**PROVIDED INFORMATION:**
lemma nn_integral_ctrw_kernel_abs_le:
  assumes "0 \<le> u" and close_to_mean: "\<bar>real_of_int D - u * mean\<bar> \<le> 1"
  shows "(\<integral>\<^sup>+d. ennreal (ctrw_kernel p u d * \<bar>real_of_int d - real_of_int D\<bar>) \<partial>count_space UNIV)
    \<le> ennreal ((second_moment + 2) * (sqrt u + 1))"
proof -
  define r where "r = sqrt u + 1"
  have "1 \<le> r" using assms(1) by (simp add: r_def)
  have "(\<integral>\<^sup>+d. ennreal (ctrw_kernel p u d * \<bar>real_of_int d - real_of_int D\<bar>) \<partial>count_space UNIV)
      \<le> (\<integral>\<^sup>+d. ennreal (1 / r) * ennreal (ctrw_kernel p u d * (real_of_int d - u * mean)^2)
             + ennreal (1 / r + r / 2) * ennreal (ctrw_kernel p u d) \<partial>count_space UNIV)"
  proof (intro nn_integral_mono)
    fix d :: int
    have "\<bar>real_of_int d - real_of_int D\<bar> \<le> (real_of_int d - u * mean)^2 / r + 1 / r + r / 2"
      using abs_le_square_div_add[OF \<open>1 \<le> r\<close>, of "u * mean - real_of_int D" "real_of_int d - real_of_int D"]
        close_to_mean by (simp add: abs_minus_commute)
    from mult_left_mono[OF this ctrw_kernel_nonneg[OF assms(1)]]
    show "ennreal (ctrw_kernel p u d * \<bar>real_of_int d - real_of_int D\<bar>)
        \<le> ennreal (1 / r) * ennreal (ctrw_kernel p u d * (real_of_int d - u * mean)^2)
             + ennreal (1 / r + r / 2) * ennreal (ctrw_kernel p u d)"
      using \<open>1 \<le> r\<close> ctrw_kernel_nonneg[OF assms(1), of d]
      by (simp add: algebra_simps flip: ennreal_mult ennreal_plus)
  qed
  also have "\<dots> = ennreal (u * second_moment / r + (1 / r + r / 2))"
    using \<open>1 \<le> r\<close> assms(1) second_moment_nonneg
    by (simp add: nn_integral_add nn_integral_cmult nn_integral_ctrw_kernel_centered_square nn_integral_ctrw_kernel
        flip: ennreal_mult ennreal_plus)
  also have "\<dots> \<le> ennreal ((second_moment + 2) * r)"
  proof (intro ennreal_leI)
    have "u \<le> r * r" using assms(1) by (simp add: r_def algebra_simps)
    then have "u / r \<le> r" using \<open>1 \<le> r\<close> by (simp add: field_simps)
    then have "u * second_moment / r \<le> second_moment * r"
      using second_moment_nonneg by (metis mult.commute mult_left_mono times_divide_eq_right)
    moreover have "1 / r \<le> 1" using \<open>1 \<le> r\<close> by simp
    ultimately show "u * second_moment / r + (1 / r + r / 2) \<le> (second_moment + 2) * r"
      using \<open>1 \<le> r\<close> unfolding distrib_right by linarith
  qed
  finally show ?thesis by (simp add: r_def)
qed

**EXERCISE BRIEF:**
Print each record word for word.

**SOLVED EXERCISE:**
lemma nn_integral_ctrw_kernel_abs_le:
  assumes "0 \<le> u" and close_to_mean: "\<bar>real_of_int D - u * mean\<bar> \<le> 1"
  shows "(\<integral>\<^sup>+d. ennreal (ctrw_kernel p u d * \<bar>real_of_int d - real_of_int D\<bar>) \<partial>count_space UNIV)
    \<le> ennreal ((second_moment + 2) * (sqrt u + 1))"
proof -
  define r where "r = sqrt u + 1"
  have "1 \<le> r" using assms(1) by (simp add: r_def)
  have "(\<integral>\<^sup>+d. ennreal (ctrw_kernel p u d * \<bar>real_of_int d - real_of_int D\<bar>) \<partial>count_space UNIV)
      \<le> (\<integral>\<^sup>+d. ennreal (1 / r) * ennreal (ctrw_kernel p u d * (real_of_int d - u * mean)^2)
             + ennreal (1 / r + r / 2) * ennreal (ctrw_kernel p u d) \<partial>count_space UNIV)"
  proof (intro nn_integral_mono)
    fix d :: int
    have "\<bar>real_of_int d - real_of_int D\<bar> \<le> (real_of_int d - u * mean)^2 / r + 1 / r + r / 2"
      using abs_le_square_div_add[OF \<open>1 \<le> r\<close>, of "u * mean - real_of_int D" "real_of_int d - real_of_int D"]
        close_to_mean by (simp add: abs_minus_commute)
    from mult_left_mono[OF this ctrw_kernel_nonneg[OF assms(1)]]
    show "ennreal (ctrw_kernel p u d * \<bar>real_of_int d - real_of_int D\<bar>)
        \<le> ennreal (1 / r) * ennreal (ctrw_kernel p u d * (real_of_int d - u * mean)^2)
             + ennreal (1 / r + r / 2) * ennreal (ctrw_kernel p u d)"
      using \<open>1 \<le> r\<close> ctrw_kernel_nonneg[OF assms(1), of d]
      by (simp add: algebra_simps flip: ennreal_mult ennreal_plus)
  qed
  also have "\<dots> = ennreal (u * second_moment / r + (1 / r + r / 2))"
    using \<open>1 \<le> r\<close> assms(1) second_moment_nonneg
    by (simp add: nn_integral_add nn_integral_cmult nn_integral_ctrw_kernel_centered_square nn_integral_ctrw_kernel
        flip: ennreal_mult ennreal_plus)
  also have "\<dots> \<le> ennreal ((second_moment + 2) * r)"
  proof (intro ennreal_leI)
    have "u \<le> r * r" using assms(1) by (simp add: r_def algebra_simps)
    then have "u / r \<le> r" using \<open>1 \<le> r\<close> by (simp add: field_simps)
    then have "u * second_moment / r \<le> second_moment * r"
      using second_moment_nonneg by (metis mult.commute mult_left_mono times_divide_eq_right)
    moreover have "1 / r \<le> 1" using \<open>1 \<le> r\<close> by simp
    ultimately show "u * second_moment / r + (1 / r + r / 2) \<le> (second_moment + 2) * r"
      using \<open>1 \<le> r\<close> unfolding distrib_right by linarith
  qed
  finally show ?thesis by (simp add: r_def)
qed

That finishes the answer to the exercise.